> [SOURCE MATERIAL]
lemma off_diag_tendsto_zero:
  assumes finite: "(\<integral>\<^sup>+ t \<in> {a..}. ennreal ((norm (off_diag l t))\<^sup>2) \<partial>lborel) < \<infinity>"
    and H'_bounded: "\<And>t. norm (H' t (e l)) \<le> B'"
  shows "(off_diag l \<longlongrightarrow> 0) at_top"
proof -
  let ?f = "\<lambda>t. (norm (off_diag l t))\<^sup>2"
  have "continuous_on UNIV (off_diag l)"
    using off_diag_has_vector_derivative
    by (intro continuous_at_imp_continuous_on ballI has_vector_derivative_continuous) blast
  then have "continuous_on UNIV ?f" by (intro continuous_intros)
  then have [measurable]: "?f \<in> borel_measurable lborel"
    using borel_measurable_continuous_onI by simp
  have "set_integrable lborel {a..} ?f"
    using finite by (simp add: set_integrable_iff_nn_integral_less_top)
  moreover have "(8 * B * B')-lipschitz_on {a..} ?f"
  proof (rule bounded_derivative_imp_lipschitz)
    show "(?f has_derivative (*) (2 * inner (off_diag l t) (H' t (e l) - h_diag_deriv l t *\<^sub>R e l)))
        (at t within {a..})" for t
      using norm_off_diag_sq_has_real_derivative
      by (auto simp: has_field_derivative_def intro: has_derivative_at_withinI)
    have "0 \<le> B" "0 \<le> B'"
      using norm_H_le[of 0 l] H'_bounded[of 0] by (auto intro: order_trans[OF norm_ge_zero])
    then show "0 \<le> 8 * B * B'" by simp
    show "onorm ((*) (2 * inner (off_diag l t) (H' t (e l) - h_diag_deriv l t *\<^sub>R e l))) \<le> 8 * B * B'" for t
    proof (rule onorm_bound)
      have "\<bar>h_diag_deriv l t\<bar> \<le> norm (H' t (e l))"
        using Cauchy_Schwarz_ineq2[of "H' t (e l)" "e l"] by (simp add: h_diag_deriv_def)
      then have "norm (H' t (e l) - h_diag_deriv l t *\<^sub>R e l) \<le> 2 * B'"
        using norm_triangle_ineq4[of "H' t (e l)" "h_diag_deriv l t *\<^sub>R e l"] H'_bounded[of t] by simp
      then have "\<bar>inner (off_diag l t) (H' t (e l) - h_diag_deriv l t *\<^sub>R e l)\<bar> \<le> (2 * B) * (2 * B')"
        using Cauchy_Schwarz_ineq2 norm_off_diag_le \<open>0 \<le> B\<close>
        by (meson mult_mono norm_ge_zero order_trans)
      then show "norm (2 * inner (off_diag l t) (H' t (e l) - h_diag_deriv l t *\<^sub>R e l) * x) \<le> 8 * B * B' * norm x" for x
        by (simp add: abs_mult mult_right_mono)
    qed (use \<open>0 \<le> 8 * B * B'\<close> in simp)
  qed simp
  ultimately have "(?f \<longlongrightarrow> 0) at_top"
    by (intro tendsto_zero_if_lipschitz_integrable) auto
  then have "((\<lambda>t. sqrt (?f t)) \<longlongrightarrow> 0) at_top"
    using tendsto_real_sqrt by fastforce
  then show ?thesis by (simp add: tendsto_norm_zero_iff)
qed

end

section \<open>Balanced diagonal dynamics\<close>

lemma balanced_AE_le:
  assumes "balanced g"
  obtains C where "0 \<le> C" "AE t in lborel. \<bar>g i j t\<bar> \<le> C * \<bar>g j i t\<bar>"
proof -
  from assms obtain c B where c: "\<And>t. \<bar>g i j t\<bar> \<le> c t * \<bar>g j i t\<bar>" and B: "AE t in lborel. c t \<le> B"
    unfolding balanced_def by blast
  have "AE t in lborel. \<bar>g i j t\<bar> \<le> max B 0 * \<bar>g j i t\<bar>"
    using B
  proof eventually_elim
    case (elim t)
    have "c t * \<bar>g j i t\<bar> \<le> max B 0 * \<bar>g j i t\<bar>"
      using elim by (intro mult_right_mono) auto
    with c[of t] show ?case by linarith
  qed
  then show thesis by (rule that[rotated]) simp
qed

locale balanced_diagonal_flow = HS_C1_path e H H' h B
  for e :: "nat \<Rightarrow> 'a::{real_inner,complete_space}"
    and H H' :: "real \<Rightarrow> 'a \<Rightarrow> 'a"
    and h :: "nat \<Rightarrow> nat \<Rightarrow> real \<Rightarrow> real"
    and B :: real +
  fixes g :: "nat \<Rightarrow> nat \<Rightarrow> real \<Rightarrow> real"
    and T :: real
    and \<epsilon> :: "nat \<Rightarrow> real"
  assumes h_balanced: "balanced h"
    and g_measurable [measurable]: "\<And>i j. g i j \<in> borel_measurable lborel"
    and g_balanced: "balanced g"
    and deriv_h_diag_sums: "\<And>i t. (\<lambda>j. g i j t * \<bar>h i j t\<bar>\<^sup>2) sums (deriv (h i i) t)"
    and sign: "\<And>l. \<epsilon> l \<in> {-1, 1}"
    and sign_condition: "\<And>t k l. T \<le> t \<Longrightarrow> l \<le> k \<Longrightarrow> 0 \<le> \<epsilon> l * g l k t"
begin

definition flux :: "nat \<Rightarrow> nat \<Rightarrow> real \<Rightarrow> real"
  where "flux l j t = g l j t * \<bar>h l j t\<bar>\<^sup>2"

definition energy :: "nat \<Rightarrow> nat \<Rightarrow> ennreal"
  where "energy l j = (\<integral>\<^sup>+ t \<in> {T..}. ennreal (\<bar>g l j t\<bar> * \<bar>h l j t\<bar>\<^sup>2) \<partial>lborel)"

lemma flux_measurable [measurable]: "flux l j \<in> borel_measurable lborel"
  unfolding flux_def by measurable

lemma abs_flux: "\<bar>flux l j t\<bar> = \<bar>g l j t\<bar> * \<bar>h l j t\<bar>\<^sup>2"
  by (simp add: flux_def abs_mult)

lemma abs_sign [simp]: "\<bar>\<epsilon> l\<bar> = 1"
  using sign[of l] by auto

lemma flux_sums: "(\<lambda>j. flux l j t) sums h_diag_deriv l t"
  using deriv_h_diag_sums[of l t] DERIV_imp_deriv[OF h_diag_has_real_derivative]
  by (simp add: flux_def)

lemma energy_le_balanced:
  obtains C where "energy l j \<le> ennreal C * energy j l"
proof -
  obtain C\<^sub>g where "0 \<le> C\<^sub>g" and g_le: "AE t in lborel. \<bar>g l j t\<bar> \<le> C\<^sub>g * \<bar>g j l t\<bar>"
    using g_balanced by (rule balanced_AE_le)
  obtain C\<^sub>h where "0 \<le> C\<^sub>h" and h_le: "AE t in lborel. \<bar>h l j t\<bar> \<le> C\<^sub>h * \<bar>h j l t\<bar>"
    using h_balanced by (rule balanced_AE_le)
  let ?C = "C\<^sub>g * C\<^sub>h\<^sup>2"
  have "AE t in lborel. \<bar>flux l j t\<bar> \<le> ?C * \<bar>flux j l t\<bar>"
    using g_le h_le
  proof eventually_elim
    case (elim t)
    have "\<bar>h l j t\<bar>\<^sup>2 \<le> C\<^sub>h\<^sup>2 * \<bar>h j l t\<bar>\<^sup>2"
      using power_mono[OF elim(2), of 2] by (simp add: power_mult_distrib)
    with elim(1) have "\<bar>g l j t\<bar> * \<bar>h l j t\<bar>\<^sup>2 \<le> (C\<^sub>g * \<bar>g j l t\<bar>) * (C\<^sub>h\<^sup>2 * \<bar>h j l t\<bar>\<^sup>2)"
      by (intro mult_mono) auto
    then show ?case by (simp add: abs_flux ac_simps)
  qed
  then have "energy l j \<le> (\<integral>\<^sup>+ t. ennreal ?C * (ennreal \<bar>flux j l t\<bar> * indicator {T..} t) \<partial>lborel)"
    unfolding energy_def abs_flux[symmetric]
    by (intro nn_integral_mono_AE, elim AE_mp)
      (auto simp: ennreal_mult[symmetric] \<open>0 \<le> C\<^sub>g\<close> intro!: ennreal_leI split: split_indicator)
  also have "\<dots> = ennreal ?C * energy j l"
    unfolding energy_def abs_flux[symmetric] by (rule nn_integral_cmult) measurable
  finally show thesis by (rule that)
qed

lemma energy_finite_if_transpose_summable:
  assumes "(\<Sum>i. energy j i) < \<infinity>"
  shows "energy l j < \<infinity>"
proof -
  obtain C where "energy l j \<le> ennreal C * energy j l" by (rule energy_le_balanced)
  moreover have "energy j l \<le> (\<Sum>i. energy j i)"
    using sum_le_suminf[of "energy j" "{l}"] by simp
  with assms have "energy j l < \<infinity>" by (simp add: le_less_trans)
  then have "ennreal C * energy j l < \<infinity>" by (simp add: ennreal_mult_less_top)
  ultimately show ?thesis by (simp add: le_less_trans)
qed

text \<open>By the sign condition only the entries below the diagonal keep \<open>\<epsilon> l * flux l j t\<close> from
  being \<open>\<bar>flux l j t\<bar>\<close>; their defect is collected here.\<close>

definition lower_defect :: "nat \<Rightarrow> real \<Rightarrow> real"
  where "lower_defect l t = (\<Sum>j<l. \<bar>flux l j t\<bar> - \<epsilon> l * flux l j t)"

lemma lower_defect_measurable [measurable]: "lower_defect l \<in> borel_measurable lborel"
  unfolding lower_defect_def by measurable

lemma lower_defect_nonneg: "0 \<le> lower_defect l t"
  unfolding lower_defect_def
  by (intro sum_nonneg) (metis abs_ge_self abs_mult abs_sign diff_ge_0_iff_ge mult_1)

lemma set_integrable_lower_defect:
  assumes "\<And>j. j < l \<Longrightarrow> energy l j < \<infinity>"
  shows "set_integrable lborel {T..} (lower_defect l)"
proof -
  have "set_integrable lborel {T..} (flux l j)" if "j < l" for j
    using assms[OF that] by (simp add: set_integrable_iff_nn_integral_less_top energy_def abs_flux)
  then have "set_integrable lborel {T..} (\<lambda>t. \<bar>flux l j t\<bar> - \<epsilon> l * flux l j t)" if "j < l" for j
    using that by (intro set_integral_diff set_integrable_abs set_integrable_mult_right)
  then have "integrable lborel (\<lambda>t. \<Sum>j<l. indicator {T..} t *\<^sub>R (\<bar>flux l j t\<bar> - \<epsilon> l * flux l j t))"
    unfolding set_integrable_def by (intro Bochner_Integration.integrable_sum) auto
  then show ?thesis
    unfolding lower_defect_def set_integrable_def by (simp add: sum_distrib_left)
qed

lemma abs_flux_sums:
  assumes "T \<le> t"
  shows "(\<lambda>j. \<bar>flux l j t\<bar>) sums (\<epsilon> l * h_diag_deriv l t + lower_defect l t)"
proof -
  let ?r = "\<lambda>j. if j < l then \<bar>flux l j t\<bar> - \<epsilon> l * flux l j t else 0"
  have r: "?r sums lower_defect l t"
    using sums_finite[of "{..<l}" ?r] by (simp add: lower_defect_def)
  have split: "\<epsilon> l * flux l j t + ?r j = \<bar>flux l j t\<bar>" for j
  proof (cases "j < l")
    case False
    then have "0 \<le> \<epsilon> l * flux l j t"
      using sign_condition[OF assms, of l j] by (simp add: flux_def mult.assoc[symmetric])
    moreover have "\<bar>\<epsilon> l * flux l j t\<bar> = \<bar>flux l j t\<bar>" by (simp add: abs_mult)
    ultimately show ?thesis using False by simp
  qed simp
  from sums_add[OF sums_mult[OF flux_sums[of l t], of "\<epsilon> l"] r] show ?thesis
    unfolding split .
qed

> [DIRECTIONS FOR THIS TASK] Read the entries and show each line that mentions "symmetric".

> [REPLY TO THE EXERCISE]
    unfolding energy_def abs_flux[symmetric]
      (auto simp: ennreal_mult[symmetric] \<open>0 \<le> C\<^sub>g\<close> intro!: ennreal_leI split: split_indicator)
    unfolding energy_def abs_flux[symmetric] by (rule nn_integral_cmult) measurable
      using sign_condition[OF assms, of l j] by (simp add: flux_def mult.assoc[symmetric])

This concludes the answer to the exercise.